Exercise description: Each line from the one containing "z) * Qd L q22m q22p z) \<and>" to the end of the listing below must be retyped exactly, with no line left out and none added.

Records shown:

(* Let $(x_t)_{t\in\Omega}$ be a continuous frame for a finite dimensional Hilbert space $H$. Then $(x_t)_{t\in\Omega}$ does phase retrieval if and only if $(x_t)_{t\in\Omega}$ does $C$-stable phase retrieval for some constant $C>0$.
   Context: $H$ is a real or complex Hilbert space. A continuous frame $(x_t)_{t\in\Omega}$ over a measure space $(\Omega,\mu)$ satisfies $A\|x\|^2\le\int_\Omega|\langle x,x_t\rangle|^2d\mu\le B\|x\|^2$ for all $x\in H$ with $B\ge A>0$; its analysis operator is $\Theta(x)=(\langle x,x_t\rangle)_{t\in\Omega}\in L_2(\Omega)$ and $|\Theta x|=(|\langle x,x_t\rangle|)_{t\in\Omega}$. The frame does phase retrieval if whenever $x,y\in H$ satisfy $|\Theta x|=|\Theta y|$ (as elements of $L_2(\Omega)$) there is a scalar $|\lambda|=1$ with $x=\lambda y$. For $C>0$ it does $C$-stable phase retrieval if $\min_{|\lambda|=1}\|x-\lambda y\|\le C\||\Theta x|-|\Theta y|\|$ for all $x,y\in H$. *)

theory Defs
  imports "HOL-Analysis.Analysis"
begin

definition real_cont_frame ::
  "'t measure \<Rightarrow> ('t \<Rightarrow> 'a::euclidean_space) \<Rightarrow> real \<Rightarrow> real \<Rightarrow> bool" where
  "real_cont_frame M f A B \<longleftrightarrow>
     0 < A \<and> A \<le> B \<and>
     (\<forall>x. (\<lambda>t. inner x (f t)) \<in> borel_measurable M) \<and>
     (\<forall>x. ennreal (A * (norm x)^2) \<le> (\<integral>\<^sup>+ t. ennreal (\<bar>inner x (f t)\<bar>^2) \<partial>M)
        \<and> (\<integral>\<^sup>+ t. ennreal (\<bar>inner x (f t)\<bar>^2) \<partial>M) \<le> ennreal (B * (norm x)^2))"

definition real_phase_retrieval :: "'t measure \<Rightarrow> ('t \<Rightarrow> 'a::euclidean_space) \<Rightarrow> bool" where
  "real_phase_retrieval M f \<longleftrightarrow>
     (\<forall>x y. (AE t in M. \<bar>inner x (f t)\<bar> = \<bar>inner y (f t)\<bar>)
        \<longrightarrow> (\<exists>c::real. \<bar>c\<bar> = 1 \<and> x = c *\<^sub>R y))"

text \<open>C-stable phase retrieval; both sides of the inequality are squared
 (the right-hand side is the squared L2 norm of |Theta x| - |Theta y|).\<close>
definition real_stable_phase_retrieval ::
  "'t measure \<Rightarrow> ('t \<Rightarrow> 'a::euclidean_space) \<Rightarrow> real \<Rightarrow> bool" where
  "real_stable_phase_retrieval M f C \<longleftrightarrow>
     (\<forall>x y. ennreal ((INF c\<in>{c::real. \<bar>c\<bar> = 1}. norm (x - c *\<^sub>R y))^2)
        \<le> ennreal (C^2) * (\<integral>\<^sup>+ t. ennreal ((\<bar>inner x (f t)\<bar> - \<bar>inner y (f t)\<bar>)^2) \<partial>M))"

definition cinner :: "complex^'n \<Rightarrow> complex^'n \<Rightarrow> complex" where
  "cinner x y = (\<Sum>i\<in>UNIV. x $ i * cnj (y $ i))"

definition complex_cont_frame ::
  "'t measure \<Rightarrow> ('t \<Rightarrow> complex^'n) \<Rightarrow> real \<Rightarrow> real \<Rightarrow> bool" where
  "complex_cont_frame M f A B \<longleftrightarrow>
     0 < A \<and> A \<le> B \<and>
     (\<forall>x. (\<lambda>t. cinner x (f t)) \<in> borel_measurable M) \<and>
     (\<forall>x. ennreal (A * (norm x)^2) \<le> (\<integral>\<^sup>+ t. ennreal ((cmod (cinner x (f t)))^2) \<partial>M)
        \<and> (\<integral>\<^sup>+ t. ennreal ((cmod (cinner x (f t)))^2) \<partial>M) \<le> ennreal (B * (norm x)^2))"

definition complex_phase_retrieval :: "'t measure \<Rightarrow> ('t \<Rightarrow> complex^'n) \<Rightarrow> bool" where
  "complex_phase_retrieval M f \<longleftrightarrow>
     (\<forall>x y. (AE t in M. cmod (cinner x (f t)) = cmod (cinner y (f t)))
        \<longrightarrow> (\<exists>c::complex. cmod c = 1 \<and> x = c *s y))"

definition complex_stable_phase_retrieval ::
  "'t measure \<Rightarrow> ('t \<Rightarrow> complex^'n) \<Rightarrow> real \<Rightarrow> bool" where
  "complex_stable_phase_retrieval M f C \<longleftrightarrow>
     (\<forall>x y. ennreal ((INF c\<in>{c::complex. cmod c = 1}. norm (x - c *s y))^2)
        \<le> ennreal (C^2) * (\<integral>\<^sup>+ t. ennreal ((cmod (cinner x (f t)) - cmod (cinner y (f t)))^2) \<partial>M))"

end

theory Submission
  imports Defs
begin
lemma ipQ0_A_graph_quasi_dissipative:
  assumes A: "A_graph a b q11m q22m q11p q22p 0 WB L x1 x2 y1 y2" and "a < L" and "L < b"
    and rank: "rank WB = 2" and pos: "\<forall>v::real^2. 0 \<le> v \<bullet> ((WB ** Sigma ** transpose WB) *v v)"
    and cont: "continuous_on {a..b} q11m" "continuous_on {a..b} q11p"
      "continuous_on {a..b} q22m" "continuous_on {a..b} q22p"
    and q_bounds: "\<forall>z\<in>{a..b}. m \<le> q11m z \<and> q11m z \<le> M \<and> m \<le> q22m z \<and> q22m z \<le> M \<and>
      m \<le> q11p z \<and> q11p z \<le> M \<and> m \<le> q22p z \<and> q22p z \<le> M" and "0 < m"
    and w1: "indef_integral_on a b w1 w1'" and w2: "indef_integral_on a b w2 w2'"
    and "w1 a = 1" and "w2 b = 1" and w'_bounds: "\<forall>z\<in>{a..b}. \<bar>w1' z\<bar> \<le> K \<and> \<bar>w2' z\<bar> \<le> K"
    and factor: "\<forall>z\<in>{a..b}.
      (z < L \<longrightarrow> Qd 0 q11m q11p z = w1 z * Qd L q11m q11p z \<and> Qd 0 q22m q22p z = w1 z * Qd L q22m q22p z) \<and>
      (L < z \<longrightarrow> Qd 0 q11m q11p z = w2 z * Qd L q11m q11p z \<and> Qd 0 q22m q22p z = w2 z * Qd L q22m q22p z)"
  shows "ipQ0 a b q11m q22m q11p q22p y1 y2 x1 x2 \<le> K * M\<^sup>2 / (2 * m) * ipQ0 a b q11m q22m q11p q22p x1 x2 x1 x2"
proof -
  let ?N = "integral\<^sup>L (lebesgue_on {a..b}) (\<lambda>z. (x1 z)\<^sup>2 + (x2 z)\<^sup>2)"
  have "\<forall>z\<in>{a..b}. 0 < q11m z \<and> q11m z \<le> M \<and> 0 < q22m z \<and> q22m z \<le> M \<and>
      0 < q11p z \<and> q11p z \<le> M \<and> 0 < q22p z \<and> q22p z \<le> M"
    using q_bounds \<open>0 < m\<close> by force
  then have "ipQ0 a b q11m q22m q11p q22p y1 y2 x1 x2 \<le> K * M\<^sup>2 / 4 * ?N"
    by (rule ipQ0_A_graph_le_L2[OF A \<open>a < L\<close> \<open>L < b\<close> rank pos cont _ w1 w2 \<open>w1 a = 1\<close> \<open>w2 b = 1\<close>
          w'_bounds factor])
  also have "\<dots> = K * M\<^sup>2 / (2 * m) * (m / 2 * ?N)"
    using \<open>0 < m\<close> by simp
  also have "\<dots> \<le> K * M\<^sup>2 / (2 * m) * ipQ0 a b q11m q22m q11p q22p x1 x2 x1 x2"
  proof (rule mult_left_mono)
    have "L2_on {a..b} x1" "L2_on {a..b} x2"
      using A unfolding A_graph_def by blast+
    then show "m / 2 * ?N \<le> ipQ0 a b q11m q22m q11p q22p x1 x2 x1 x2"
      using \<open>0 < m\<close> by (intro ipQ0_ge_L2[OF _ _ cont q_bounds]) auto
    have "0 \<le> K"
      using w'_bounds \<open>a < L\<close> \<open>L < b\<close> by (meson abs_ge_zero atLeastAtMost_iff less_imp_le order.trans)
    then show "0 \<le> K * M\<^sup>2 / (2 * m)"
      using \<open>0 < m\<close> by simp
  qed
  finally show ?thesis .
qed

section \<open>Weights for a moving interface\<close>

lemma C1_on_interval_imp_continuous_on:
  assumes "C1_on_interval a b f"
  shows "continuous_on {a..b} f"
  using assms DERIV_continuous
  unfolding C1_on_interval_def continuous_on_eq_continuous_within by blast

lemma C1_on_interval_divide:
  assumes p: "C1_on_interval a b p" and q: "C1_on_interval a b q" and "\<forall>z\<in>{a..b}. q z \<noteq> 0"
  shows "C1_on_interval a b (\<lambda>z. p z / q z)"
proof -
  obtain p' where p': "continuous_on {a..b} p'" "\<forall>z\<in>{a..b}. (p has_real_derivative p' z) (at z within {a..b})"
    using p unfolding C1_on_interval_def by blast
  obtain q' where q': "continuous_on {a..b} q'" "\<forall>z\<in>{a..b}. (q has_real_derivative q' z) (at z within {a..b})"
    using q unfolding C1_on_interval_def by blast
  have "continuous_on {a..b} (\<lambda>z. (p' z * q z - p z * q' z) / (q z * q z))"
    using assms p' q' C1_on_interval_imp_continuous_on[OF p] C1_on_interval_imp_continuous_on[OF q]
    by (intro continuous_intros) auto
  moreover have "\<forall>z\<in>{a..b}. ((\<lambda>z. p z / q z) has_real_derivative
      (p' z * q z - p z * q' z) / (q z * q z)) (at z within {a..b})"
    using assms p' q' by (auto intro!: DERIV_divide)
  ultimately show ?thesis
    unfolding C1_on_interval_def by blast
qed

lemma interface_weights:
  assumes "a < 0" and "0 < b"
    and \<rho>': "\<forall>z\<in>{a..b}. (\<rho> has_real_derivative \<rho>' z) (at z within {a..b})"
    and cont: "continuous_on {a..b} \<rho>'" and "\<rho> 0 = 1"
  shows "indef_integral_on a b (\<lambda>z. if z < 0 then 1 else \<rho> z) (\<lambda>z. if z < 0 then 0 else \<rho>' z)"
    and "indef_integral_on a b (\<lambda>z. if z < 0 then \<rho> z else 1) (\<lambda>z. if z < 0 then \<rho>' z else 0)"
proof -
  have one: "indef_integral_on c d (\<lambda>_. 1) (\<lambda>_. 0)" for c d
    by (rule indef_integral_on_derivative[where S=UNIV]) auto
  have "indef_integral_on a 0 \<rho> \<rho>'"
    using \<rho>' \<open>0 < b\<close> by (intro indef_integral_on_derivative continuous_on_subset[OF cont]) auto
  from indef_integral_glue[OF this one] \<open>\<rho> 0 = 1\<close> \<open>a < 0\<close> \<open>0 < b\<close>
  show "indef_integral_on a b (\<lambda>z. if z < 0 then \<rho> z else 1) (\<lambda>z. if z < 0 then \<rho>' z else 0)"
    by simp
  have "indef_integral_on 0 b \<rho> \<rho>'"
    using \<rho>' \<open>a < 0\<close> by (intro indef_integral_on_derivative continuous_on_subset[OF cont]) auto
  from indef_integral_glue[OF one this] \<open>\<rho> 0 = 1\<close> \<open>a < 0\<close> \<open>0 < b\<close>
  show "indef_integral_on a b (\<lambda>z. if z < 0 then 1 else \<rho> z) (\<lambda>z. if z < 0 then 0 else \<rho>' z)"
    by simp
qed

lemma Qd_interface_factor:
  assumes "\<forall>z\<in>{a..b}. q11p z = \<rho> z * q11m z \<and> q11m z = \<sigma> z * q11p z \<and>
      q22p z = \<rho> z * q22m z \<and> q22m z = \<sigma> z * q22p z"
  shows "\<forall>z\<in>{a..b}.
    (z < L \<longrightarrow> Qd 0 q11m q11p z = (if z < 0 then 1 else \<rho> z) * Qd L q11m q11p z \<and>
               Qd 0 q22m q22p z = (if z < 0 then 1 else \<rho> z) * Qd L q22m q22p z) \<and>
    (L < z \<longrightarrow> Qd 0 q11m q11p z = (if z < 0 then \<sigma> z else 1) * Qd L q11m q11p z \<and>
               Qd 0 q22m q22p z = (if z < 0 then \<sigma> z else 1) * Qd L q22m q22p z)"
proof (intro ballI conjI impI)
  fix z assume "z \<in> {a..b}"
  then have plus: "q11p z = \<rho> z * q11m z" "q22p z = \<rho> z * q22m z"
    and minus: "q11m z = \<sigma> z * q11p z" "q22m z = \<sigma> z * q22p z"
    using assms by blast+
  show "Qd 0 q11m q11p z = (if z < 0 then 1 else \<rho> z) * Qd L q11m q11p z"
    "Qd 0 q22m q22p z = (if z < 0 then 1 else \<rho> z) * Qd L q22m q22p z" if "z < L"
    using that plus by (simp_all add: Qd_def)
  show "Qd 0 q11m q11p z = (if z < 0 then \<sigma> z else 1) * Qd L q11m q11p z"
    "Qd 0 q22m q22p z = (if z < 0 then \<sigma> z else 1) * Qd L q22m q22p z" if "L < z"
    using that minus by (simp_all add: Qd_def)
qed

Solution below:
               Qd 0 q22m q22p z = (if z < 0 then 1 else \<rho> z) * Qd L q22m q22p z) \<and>
    (L < z \<longrightarrow> Qd 0 q11m q11p z = (if z < 0 then \<sigma> z else 1) * Qd L q11m q11p z \<and>
               Qd 0 q22m q22p z = (if z < 0 then \<sigma> z else 1) * Qd L q22m q22p z)"
proof (intro ballI conjI impI)
  fix z assume "z \<in> {a..b}"
  then have plus: "q11p z = \<rho> z * q11m z" "q22p z = \<rho> z * q22m z"
    and minus: "q11m z = \<sigma> z * q11p z" "q22m z = \<sigma> z * q22p z"
    using assms by blast+
  show "Qd 0 q11m q11p z = (if z < 0 then 1 else \<rho> z) * Qd L q11m q11p z"
    "Qd 0 q22m q22p z = (if z < 0 then 1 else \<rho> z) * Qd L q22m q22p z" if "z < L"
    using that plus by (simp_all add: Qd_def)
  show "Qd 0 q11m q11p z = (if z < 0 then \<sigma> z else 1) * Qd L q11m q11p z"
    "Qd 0 q22m q22p z = (if z < 0 then \<sigma> z else 1) * Qd L q22m q22p z" if "L < z"
    using that minus by (simp_all add: Qd_def)
qed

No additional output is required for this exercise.